維新は災害よりも凶なり
<この話はフィクションです。>
定年退職後、オレは車にさまざまな災害救援物資を積み込んでは日本中を旅していた。西に集中豪雨あれば行ってスコップを手にして泥のかき出しを手伝い、北に豪雪あればタイヤをスタッドレスに履き替えて現地に向かい屋根の雪下ろしを手伝った。いつしか江草乗の名は「スーパーボランティア爺」として誰もが知るようになった。もちろんそのボランティア活動の傍ら、あちこちで見聞する維新議員の不祥事や極悪非道な行いに心を痛めていた。そして、どうしてそんな連中に投票する人が居るのだろうかといつも不思議に思っていたのである。
あるとき、たまたま通りかかった街では選挙期間中なのか、緑色のブルゾンを着た一団がいて、その中のおそらく維新の候補者とおぼしき男性が馬鹿の一つ覚えみたいに「身を切る改革」「既得権益打破」などと繰り返していた。有権者はこんな嘘に簡単に騙されてしまうんだよなと思うとオレはとても悲しくなった。
少し離れた所に「カジノ反対」などというのぼりを持った年配の女性がいた。その女性はおそらくは手書きのものをコピーしたと思われるチラシを作って道行く人にせっせと配っていた。オレもそのチラシを一枚もらって、「頑張って下さい」と声をかけた。
するとそこにスキンヘッドの大男が近づいてきて「なんやこのビラは」と絡んできた。

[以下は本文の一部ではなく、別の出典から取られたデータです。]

lemma separated_deriv:
  assumes f': "\<forall>x. (f has_real_derivative deriv f x) (at x)"
    and "separated f u v" "r \<in> {u..v}" "deriv f r = 0"
  shows "separated (deriv f) u v"
proof (rule ccontr)
  assume "\<not> separated (deriv f) u v"
  moreover have uv: "u < v" using assms(2) by (simp add: separated_def)
  ultimately have "\<forall>x\<in>{u..v}. deriv f x = deriv f u"
    using not_separated_iff by (metis less_imp_le)
  then have "\<forall>x\<in>{u..v}. deriv f x = 0"
    using assms(3,4) by metis
  then have "\<forall>x\<in>{u..v}. f x = f u"
    using DERIV_isconst2[OF uv, of f] f'
    by (metis DERIV_isCont continuous_at_imp_continuous_on atLeastAtMost_iff less_imp_le)
  then show False
    using assms(2) not_separated_iff uv by (metis less_imp_le)
qed

lemma rolle_separated_zeros:
  assumes f': "\<forall>x. (f has_real_derivative deriv f x) (at x)"
  shows "sorted_wrt (separated f) (x # xs) \<Longrightarrow> xs \<noteq> [] \<Longrightarrow> \<forall>z\<in>set (x # xs). f z = 0 \<Longrightarrow>
    \<exists>ws. length ws = length xs \<and> (\<forall>w\<in>set ws. deriv f w = 0) \<and>
      sorted_wrt (separated (deriv f)) (x # ws @ [last xs])"
proof (induction xs arbitrary: x)
  case (Cons y ys)
  have xy: "separated f x y" and sorted: "sorted_wrt (separated f) (y # ys)"
    using Cons.prems(1) by (simp_all add: sorted_wrt2[OF transp_separated])
  obtain w where w: "w \<in> {x<..<y}" "f w \<noteq> 0" "deriv f w = 0"
    using rolle_nonvanishing[OF f' xy] Cons.prems(3) by auto
  have fxy: "f x = 0" "f y = 0" using Cons.prems(3) by auto
  then have xw0: "separated f x w" and wy0: "separated f w y"
    using w separated_if_neq by auto
  have xw: "separated (deriv f) x w"
    using separated_deriv[OF f' xw0 _ w(3)] w(1) by simp
  have wy: "separated (deriv f) w y"
    using separated_deriv[OF f' wy0 _ w(3)] w(1) by simp
  show ?case
  proof (cases "ys = []")
    case True
    have "sorted_wrt (separated (deriv f)) [x, w, y]"
      unfolding sorted_wrt2[OF transp_separated] using xw wy by simp
    then show ?thesis
      using True w(3) by (intro exI[of _ "[w]"]) simp
  next
    case False
    then obtain ws' where ws': "length ws' = length ys" "\<forall>w\<in>set ws'. deriv f w = 0"
      and chain: "sorted_wrt (separated (deriv f)) (y # ws' @ [last ys])"
      using Cons.IH[OF sorted] Cons.prems(3) by auto
    obtain v rest where v: "ws' @ [last ys] = v # rest"
      by (cases "ws' @ [last ys]") auto
    have "separated (deriv f) y v" and rest: "sorted_wrt (separated (deriv f)) (v # rest)"
      using chain v by (simp_all add: sorted_wrt2[OF transp_separated])
    then have "y < v" by (simp add: separated_def)
    then have "separated f w v"
      using wy0 separated_mono by fastforce
    then have "separated (deriv f) w v"
      using separated_deriv[OF f' _ _ w(3)] w(1) \<open>y < v\<close> by simp
    then have "sorted_wrt (separated (deriv f)) (x # w # ws' @ [last ys])"
      unfolding v sorted_wrt2[OF transp_separated] using xw rest by blast
    then show ?thesis
      using ws' w(3) False by (intro exI[of _ "w # ws'"]) (simp del: sorted_wrt.simps)
  qed
qed simp

lemma knot_between_separated_zeros:
  assumes "continuous_on UNIV f" "piecewise_poly 1 f a b K" "a \<le> u" "v \<le> b"
    and "separated f u v" "f u = 0" "f v = 0"
  shows "\<exists>x\<in>K. u < x \<and> x < v"
proof (rule ccontr)
  assume "\<not> ?thesis"
  then have "{u<..<v} \<inter> K = {}" by auto
  moreover have uv: "u < v" using assms(5) by (simp add: separated_def)
  ultimately obtain p where p: "degree p \<le> 1" "\<forall>x\<in>{u<..<v}. f x = poly p x"
    using assms(2-4) unfolding piecewise_poly_def by blast
  have on_closed: "\<forall>x\<in>{u..v}. f x = poly p x"
    by (rule continuous_eq_on_closed_interval[OF assms(1) _ uv p(2)]) (auto intro: continuous_intros)
  have "p = 0"
  proof (rule ccontr)
    assume "p \<noteq> 0"
    have "{u, v} \<subseteq> {x. poly p x = 0}"
      using on_closed assms(6,7) uv by auto
    then have "card {u, v} \<le> card {x. poly p x = 0}"
      by (rule card_mono[OF poly_roots_finite[OF \<open>p \<noteq> 0\<close>]])
    also have "\<dots> \<le> degree p"
      by (rule card_poly_roots_bound[OF \<open>p \<noteq> 0\<close>])
    finally show False using p(1) uv by simp
  qed
  then show False
    using on_closed assms(5) not_separated_iff[of u v f] uv by simp
qed

lemma length_le_card_between:
  fixes L :: "'a :: linorder list"
  assumes "finite K" "sorted_wrt (\<lambda>u v. \<exists>x\<in>K. u < x \<and> x < v) L"
  shows "length L \<le> card K + 1"
  using assms
proof (induction L arbitrary: K)
  case (Cons u L)
  show ?case
  proof (cases L)
    case (Cons v L')
    then obtain x where x: "x \<in> K" "u < x" "x < v"
      using Cons.prems(2) by auto
    have "v < y" if "y \<in> set L'" for y
    proof -
      obtain w where "v < w" "w < y" using Cons.prems(2) \<open>L = v # L'\<close> \<open>y \<in> set L'\<close> by auto
      then show "v < y" by (rule less_trans)
    qed
    then have above: "x < y" if "y \<in> set L" for y
      using that x(3) \<open>L = v # L'\<close> by (auto intro: less_trans)
    have "sorted_wrt (\<lambda>u v. \<exists>y\<in>K - {x}. u < y \<and> y < v) L"
    proof (rule sorted_wrt_mono_rel)
      show "sorted_wrt (\<lambda>u v. \<exists>x\<in>K. u < x \<and> x < v) L" using Cons.prems(2) by simp
      fix y z assume "y \<in> set L" "\<exists>w\<in>K. y < w \<and> w < z"
      then show "\<exists>w\<in>K - {x}. y < w \<and> w < z"
        using above by (metis Diff_iff less_trans order.irrefl singletonD)
    qed
    then have "length L \<le> card (K - {x}) + 1"
      using Cons.IH Cons.prems(1) by blast
    moreover have "card K > 0" using x(1) Cons.prems(1) card_gt_0_iff by blast
    ultimately show ?thesis using x(1) Cons.prems(1) by (simp add: card_Diff_singleton)
  qed simp
qed simp

lemma separated_zeros_bound_chain:
  assumes "C_on k UNIV f" "finite K" "piecewise_poly (Suc k) f a b K"
    and "vanishes_to_order (Suc k) f a" "vanishes_to_order (Suc k) f b"
    and "sorted_wrt (separated f) (a # zs @ [b])" "\<forall>z\<in>set zs. f z = 0"
  shows "length zs + Suc k \<le> card K"
  using assms
proof (induction k arbitrary: f zs)
  case 0
  have "f a = 0" "f b = 0"
    using "0.prems"(4,5) unfolding vanishes_to_order_def by auto
  then have zeros: "\<forall>z\<in>set (a # zs @ [b]). f z = 0 \<and> a \<le> z \<and> z \<le> b"
    using "0.prems"(6,7) by (auto simp: sorted_wrt_append separated_def)
  have "continuous_on UNIV f"
    using C_on_continuous_higher_deriv[OF "0.prems"(1), of 0] by simp
  moreover have "piecewise_poly 1 f a b K" using "0.prems"(3) by simp
  ultimately have "sorted_wrt (\<lambda>u v. \<exists>x\<in>K. u < x \<and> x < v) (a # zs @ [b])"
    using knot_between_separated_zeros zeros
    by (intro sorted_wrt_mono_rel[OF _ "0.prems"(6)]) auto
  then show ?case
    using length_le_card_between[OF "0.prems"(2)] by fastforce
next
  case (Suc k)
  have f': "\<forall>x. (f has_real_derivative deriv f x) (at x)"
    using C_on_has_deriv[OF Suc.prems(1)] by simp
  have "f a = 0" "f b = 0"
    using Suc.prems(4,5) unfolding vanishes_to_order_def by auto
  then obtain ws where ws: "length ws = length (zs @ [b])" "\<forall>w\<in>set ws. deriv f w = 0"
    "sorted_wrt (separated (deriv f)) (a # ws @ [b])"
    using rolle_separated_zeros[OF f', of a "zs @ [b]"] Suc.prems(6,7) by auto
  have "length ws + Suc k \<le> card K"
    by (rule Suc.IH[OF C_on_deriv[OF Suc.prems(1)] Suc.prems(2) piecewise_poly_deriv[OF Suc.prems(3)]
          vanishes_to_order_deriv[OF Suc.prems(4)] vanishes_to_order_deriv[OF Suc.prems(5)] ws(3,2)])
  then show ?case using ws(1) by simp
qed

緑色のブルゾンを着ていたのでおそらく維新の運動員なんだろう。オレはその無礼な口調に驚いたが、そのスキンヘッドはオレの存在を全く気にすることもなく「ババア、迷惑なんじゃ。共産党はここに来んなよ。目障りじゃ!」と罵声を飛ばして悪態をついた。まるで殴りかからんばかりの勢いだった。オレはいつか役に立つこともあるかなとその一部始終を動画に撮影した。するとスキンヘッドは撮影しているオレに気付いたのか、「なんやそのスマホは!」とオレに近づいてきたのでオレは猛ダッシュで逃げた。オレは逃げ足には自信がある。大学のサイクリング部で鍛えた足腰はそこらの若者にはまだまだ負けない。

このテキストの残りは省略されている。